Example response after failed request:
{ "success": false, "error": "The value of data[username] needs to be unique in the database", "code": "username_in_use" }
Modify Web File Share user accounts
Target URL | /api.php/admin-users/edit |
Required scope | admin |
HTTP Method | POST |
Output format | JSON |
Request Parameters Reference
Besides the parameters described higher, for adding user accounts, this API method uses also the following:
Parameter | Type | Required | Description |
---|---|---|---|
UID | integer | Yes | The user ID |
Delete Web File Share user accounts
Target URL | /api.php/admin-users/delete |
Required scope | admin |
HTTP Method | POST |
Output format | JSON |
Request Parameters Reference
Parameter | Type | Required | Description |
---|---|---|---|
UIDS | array | Yes | Array of user ID integers |
deleteHomeFolder | boolean | No | If included, this will cause the user(s) home folders to also be deleted. |
Revoking app authorization (for users)
Users can see the authorizations made for the various apps, inside the “Account Settings” and can revoke them from the same location at any time.
Troubleshooting
"Check the "access_token" parameter"
If you cannot get past the error “The request is missing a required parameter, includes an invalid parameter value, includes a parameter more than once, or is otherwise malformed. Check the “access_token” parameter.”, although you have checked and your HTTP request includes the “Authorization” header with a valid “Bearer” token, perhaps PHP doesn't get the variable “$_SERVER['HTTP_AUTHORIZATION']

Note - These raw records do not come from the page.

lemma mom_integrand_Suc:
  assumes "p \<in> open_unit_square"
  shows "mom_integrand s t i j p
    = mom_integrand s (Suc t) i j p + 2 * (phi_integrand s t i (fst p) * phi_integrand s t j (snd p))"
proof -
  obtain x y where p: "p = (x, y)" and x: "0 < x" and y: "0 < y"
    using assms by auto
  have split: "1 / (x + y) = cayley x * cayley y / (x + y) + 2 / ((1 + x) * (1 + y))"
    using x y by (intro one_over_add_cayley_split) auto
  have "mom_integrand s t i j p = x ^ (s + i) * y ^ (s + j) * cayley x ^ t * cayley y ^ t * (1 / (x + y))"
    by (simp add: mom_integrand_def p)
  also have "\<dots> = mom_integrand s (Suc t) i j p + 2 * (phi_integrand s t i (fst p) * phi_integrand s t j (snd p))"
    unfolding split by (simp add: mom_integrand_def phi_integrand_def p algebra_simps)
  finally show ?thesis .
qed

lemma mom_Suc: "mom s (Suc t) i j = mom s t i j - phi s t i * phi s t j"
proof -
  have phi_int: "set_integrable lborel {0<..<1} (phi_integrand s t k)" for k
    by (rule set_integral_Ioo_eq_integral(1)[OF continuous_on_phi_integrand])
  have "mom s t i j = (LINT p : open_unit_square | lborel.
      mom_integrand s (Suc t) i j p + 2 * (phi_integrand s t i (fst p) * phi_integrand s t j (snd p)))"
    unfolding mom_eq_set_integral
    by (rule set_lebesgue_integral_cong) (simp_all add: borel_open open_Times mom_integrand_Suc[of _ s t i j])
  also have "\<dots> = mom s (Suc t) i j
      + 2 * ((LINT x : {0<..<1} | lborel. phi_integrand s t i x) * (LINT x : {0<..<1} | lborel. phi_integrand s t j x))"
    using set_integrable_mom_integrand set_integrable_lborel_product(1)[OF phi_int phi_int]
    by (simp add: mom_eq_set_integral set_integrable_lborel_product(2)[OF phi_int phi_int])
  also have "\<dots> = mom s (Suc t) i j + phi s t i * phi s t j"
    by (simp add: phi_eq_set_integral)
  finally show ?thesis
    by simp
qed

lemma mom_integrand_tendsto_zero:
  assumes "p \<in> open_unit_square"
  shows "(\<lambda>t. mom_integrand s t i j p) \<longlonglongrightarrow> 0"
proof -
  obtain x y where p: "p = (x, y)" and x: "0 < x" "x < 1" and y: "0 < y" "y < 1"
    using assms by auto
  have "0 < cayley x * cayley y" "cayley x * cayley y < 1 * 1"
    using cayley_in_unit_interval[OF x] cayley_in_unit_interval[OF y]
    by (simp, intro mult_strict_mono) auto
  then have "norm (cayley x * cayley y) < 1"
    by simp
  moreover have "mom_integrand s t i j p = x ^ (s + i) * y ^ (s + j) / (x + y) * (cayley x * cayley y) ^ t" for t
    by (simp add: mom_integrand_def p power_mult_distrib)
  ultimately show ?thesis
    by (simp only:) (intro tendsto_mult_right_zero LIMSEQ_power_zero)
qed
definition u_acyclic :: "('v,'e) pre_digraph \<Rightarrow> bool" where
  "u_acyclic H \<longleftrightarrow> (\<forall>e\<in>arcs H. tail H e \<noteq> head H e \<and>
      (tail H e, head H e) \<notin> uconn H (arcs H - {e}))"

definition partial_arb :: "('v,'e) pre_digraph \<Rightarrow> ('v,'e) pre_digraph \<Rightarrow> 'v \<Rightarrow> bool" where
  "partial_arb G A r \<longleftrightarrow> subgraph A G \<and> r \<in> verts A \<and> connected A \<and> u_acyclic A \<and>
     (\<forall>v\<in>verts A. r \<rightarrow>\<^sup>*\<^bsub>A\<^esub> v)"

definition mr_graph :: "('v,'e) pre_digraph \<Rightarrow> 'v set \<Rightarrow> ('v \<Rightarrow> ('v,'e) pre_digraph) \<Rightarrow> 'e set
    \<Rightarrow> ('v,'e) pre_digraph" where
  "mr_graph G P A F = \<lparr> verts = (\<Union>p\<in>P. verts (A p)), arcs = F \<union> (\<Union>p\<in>P. arcs (A p)),
     tail = tail G, head = head G \<rparr>"

text \<open>Multi-rooted partial arborescence with root set P (the roots r_{p_1},...,r_{p_q}),
  arborescences A p and extra arc set F.\<close>
definition mr_partial_arb :: "('v,'e) pre_digraph \<Rightarrow> 'v set \<Rightarrow> 'v set \<Rightarrow> ('v \<Rightarrow> ('v,'e) pre_digraph)
    \<Rightarrow> 'e set \<Rightarrow> bool" where
  "mr_partial_arb G Rts P A F \<longleftrightarrow> P \<subseteq> Rts \<and> P \<noteq> {} \<and>
     (\<forall>p\<in>P. partial_arb G (A p) p) \<and>
     (\<forall>p\<in>P. \<forall>p'\<in>P. p \<noteq> p' \<longrightarrow> verts (A p) \<inter> verts (A p') = {}) \<and>
     F \<subseteq> arcs G \<and> (\<forall>p\<in>P. F \<inter> arcs (A p) = {}) \<and>
     (\<forall>e\<in>F. tail G e \<in> (\<Union>p\<in>P. verts (A p)) \<and> head G e \<in> (\<Union>p\<in>P. verts (A p))) \<and>
     connected (mr_graph G P A F) \<and> u_acyclic (mr_graph G P A F)"

definition weak_components :: "('v,'e) pre_digraph \<Rightarrow> 'v set set" where
  "weak_components H = {{v\<in>verts H. (u, v) \<in> uconn H (arcs H)} | u. u \<in> verts H}"

definition del_verts :: "('v,'e) pre_digraph \<Rightarrow> 'v set \<Rightarrow> ('v,'e) pre_digraph" where
  "del_verts G S = G \<restriction> (verts G - S)"

text \<open>Contraction of the vertex set S into the new vertex None (= r_T); other vertices v
  become Some v; arcs keep their identity (and hence their cost); arcs with both
  endpoints in S (which would become loops) are removed.\<close>
definition contract :: "('v,'e) pre_digraph \<Rightarrow> 'v set \<Rightarrow> ('v option,'e) pre_digraph" where
  "contract G S = \<lparr> verts = insert None (Some ` (verts G - S)),
     arcs = {e\<in>arcs G. \<not> (tail G e \<in> S \<and> head G e \<in> S)},
     tail = (\<lambda>e. if tail G e \<in> S then None else Some (tail G e)),
     head = (\<lambda>e. if head G e \<in> S then None else Some (head G e)) \<rparr>"

definition sub_graph :: "('v,'e) pre_digraph \<Rightarrow> 'v set \<Rightarrow> 'v set \<Rightarrow> ('v option,'e) pre_digraph" where
  "sub_graph G S C = contract G S \<restriction> insert None (Some ` C)"

definition sub_roots :: "'v set \<Rightarrow> 'v set \<Rightarrow> 'v set \<Rightarrow> 'v option set" where
  "sub_roots Rts P C = insert None (Some ` (C \<inter> (Rts - P)))"
lemma two_edge_connectedI_tree_links:
  assumes "connected_on V (TreeE ` E)" "connected_on V (LinkE ` T)" "T \<subseteq> L"
  shows "two_edge_connected V (TreeE ` E \<union> LinkE ` L)"
  unfolding two_edge_connected_def
proof (intro conjI ballI)
  show "connected_on V (TreeE ` E \<union> LinkE ` L)"
    using assms(1) connected_on_mono by blast
  fix x assume "x \<in> TreeE ` E \<union> LinkE ` L"
  show "connected_on V (TreeE ` E \<union> LinkE ` L - {x})"
  proof (cases x)
    case (TreeE e)
    then have "LinkE ` T \<subseteq> TreeE ` E \<union> LinkE ` L - {x}"
      using assms(3) by auto
    then show ?thesis by (rule connected_on_mono[OF assms(2)])
  next
    case (LinkE e)
    then have "TreeE ` E \<subseteq> TreeE ` E \<union> LinkE ` L - {x}"
      by auto
    then show ?thesis by (rule connected_on_mono[OF assms(1)])
  qed
qed

definition adjacent :: "'a set set \<Rightarrow> 'a \<Rightarrow> 'a \<Rightarrow> bool" where
  "adjacent H x y \<longleftrightarrow> {x, y} \<in> H"

lemma adjacent_sym: "adjacent H x y \<Longrightarrow> adjacent H y x"
  unfolding adjacent_def by (simp add: insert_commute)

lemma rtranclp_adjacent_sym: "(adjacent H)\<^sup>*\<^sup>* x y \<Longrightarrow> (adjacent H)\<^sup>*\<^sup>* y x"
proof (induction rule: rtranclp_induct)
  case (step y z)
  then show ?case by (meson adjacent_sym converse_rtranclp_into_rtranclp)
qed simp

lemma rtranclp_adjacent_imp_adj:
  "(adjacent T)\<^sup>*\<^sup>* x y \<Longrightarrow> (x, y) \<in> (adj (LinkE ` T))\<^sup>*"
proof (induction rule: rtranclp_induct)
  case (step y z)
  have "(y, z) \<in> adj (LinkE ` T)"
    using step(2) unfolding adjacent_def adj_def by force
  then show ?case using step(3) by simp
qed simp

lemma finite_vpairs: "finite (vpairs n)"
  by (rule finite_subset[of _ "Pow {..<n}"]) (auto simp: vpairs_def)

lemma vpairs_Min_Max:
  assumes "e \<in> vpairs n"
  shows "e = {Min e, Max e}" "Min e < Max e" "Max e < n"
proof -
  obtain a b where "a < n" "b < n" "a \<noteq> b" "e = {a, b}"
    using assms unfolding vpairs_def by blast
  then show "e = {Min e, Max e}" "Min e < Max e" "Max e < n"
    by (auto simp: min_def max_def)
qed

lemma finite_tap_opt_candidates:
  assumes "finite L"
  shows "finite {card S | S. tap_feasible n E L S}"
proof (rule finite_subset)
  show "{card S | S. tap_feasible n E L S} \<subseteq> card ` Pow L"
    unfolding tap_feasible_def by blast
qed (use assms in simp)

lemma tap_opt_le:
  assumes "finite L" "tap_feasible n E L S"
  shows "tap_opt n E L \<le> card S"
  unfolding tap_opt_def
  by (rule Min_le) (use assms finite_tap_opt_candidates in blast)+

lemma tap_opt_geI:
  assumes "finite L" "tap_feasible n E L L" "\<And>S. tap_feasible n E L S \<Longrightarrow> k \<le> card S"
  shows "k \<le> tap_opt n E L"
  unfolding tap_opt_def
  by (rule Min.boundedI) (use assms finite_tap_opt_candidates in blast)+

section \<open>Hamiltonian paths as spanning trees\<close>

definition path_edges :: "nat list \<Rightarrow> nat set set" where
  "path_edges ys = (\<lambda>i. {ys ! i, ys ! Suc i}) ` {..<length ys - 1}"

locale vertex_enum =
  fixes n :: nat and ys :: "nat list"
  assumes distinct_ys: "distinct ys" and set_ys: "set ys = {..<n}" and two_le_n: "2 \<le> n"
begin

lemma length_ys: "length ys = n"
  using distinct_card[OF distinct_ys] set_ys by simp

lemma nth_less: "i < n \<Longrightarrow> ys ! i < n"
  using set_ys length_ys nth_mem by blast

lemma ex_nth_eq: "x < n \<Longrightarrow> \<exists>i<n. ys ! i = x"
  using set_ys length_ys by (metis in_set_conv_nth lessThan_iff)

lemma nth_eq_iff: "i < n \<Longrightarrow> j < n \<Longrightarrow> ys ! i = ys ! j \<longleftrightarrow> i = j"
  using distinct_ys length_ys nth_eq_iff_index_eq by blast

lemma nth_doubleton_eq:
  assumes "a < n" "b < n" "k < n" "l < n" "{ys ! k, ys ! l} = {ys ! a, ys ! b}"
  shows "k = a \<and> l = b \<or> k = b \<and> l = a"
  using assms nth_eq_iff by (auto simp: doubleton_eq_iff)

lemma path_edge_mem: "i < n - 1 \<Longrightarrow> {ys ! i, ys ! Suc i} \<in> path_edges ys"
  unfolding path_edges_def using length_ys by auto

lemma path_edgeE:
  assumes "f \<in> path_edges ys"
  obtains i where "i < n - 1" "f = {ys ! i, ys ! Suc i}"
  using assms length_ys unfolding path_edges_def by auto

lemma path_edge_inj:
  assumes "i < n - 1" "j < n - 1" "{ys ! i, ys ! Suc i} = {ys ! j, ys ! Suc j}"
  shows "i = j"
proof -
  have "Suc i < n" "Suc j < n"
    using assms(1,2) by auto
  then show ?thesis
    using nth_doubleton_eq[of j "Suc j" i "Suc i"] assms(3) by auto
qed

lemma rtrancl_adj_along_path:
  assumes "\<And>k. a \<le> k \<Longrightarrow> k < b \<Longrightarrow> TreeE {ys ! k, ys ! Suc k} \<in> J" "a \<le> b"
  shows "(ys ! a, ys ! b) \<in> (adj J)\<^sup>*"
  using assms
proof (induction b)
  case (Suc b)
  show ?case
  proof (cases "a = Suc b")
    case False
    then have "(ys ! a, ys ! b) \<in> (adj J)\<^sup>*"
      using Suc by simp
    moreover have "(ys ! b, ys ! Suc b) \<in> adj J"
      using Suc(2)[of b] Suc(3) False unfolding adj_def by force
    ultimately show ?thesis by simp
  qed simp
qed simp

lemma connected_path_edges: "connected_on {..<n} (TreeE ` path_edges ys)"
proof (rule connected_onI_root)
  fix x assume "x \<in> {..<n}"
  then obtain a where "a < n" "ys ! a = x"
    using ex_nth_eq by blast
  moreover have "(ys ! 0, ys ! a) \<in> (adj (TreeE ` path_edges ys))\<^sup>*" if "a < n"
    by (rule rtrancl_adj_along_path) (use that path_edge_mem in auto)
  ultimately show "(ys ! 0, x) \<in> (adj (TreeE ` path_edges ys))\<^sup>*"
    by blast
qed

lemma path_edges_subset_vpairs: "path_edges ys \<subseteq> vpairs n"
proof
  fix f assume "f \<in> path_edges ys"
  then obtain i where "i < n - 1" "f = {ys ! i, ys ! Suc i}"
    by (rule path_edgeE)
  moreover from this have "ys ! i \<noteq> ys ! Suc i" "ys ! i < n" "ys ! Suc i < n"
    using nth_eq_iff nth_less by auto
  ultimately show "f \<in> vpairs n"
    unfolding vpairs_def by blast
qed

lemma card_path_edges: "card (path_edges ys) = n - 1"
proof -
  have "inj_on (\<lambda>i. {ys ! i, ys ! Suc i}) {..<n - 1}"
    by (rule inj_onI) (use path_edge_inj in auto)
  then show ?thesis
    unfolding path_edges_def using length_ys by (simp add: card_image)
qed

lemma spanning_tree_path_edges: "spanning_tree n (path_edges ys)"
  unfolding spanning_tree_def
  using path_edges_subset_vpairs connected_path_edges card_path_edges by blast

” populated. In which case, if you are running Apache, make sure you have the following code inside the “.htaccess
” file:
RewriteEngine On RewriteCond %{HTTP:Authorization} .+ RewriteRule .* - [[E=HTTP_AUTHORIZATION:%{HTTP:Authorization}]]
If you are using a virtual host, make sure the above is inside the Virtualhost tag, not in Directory tag.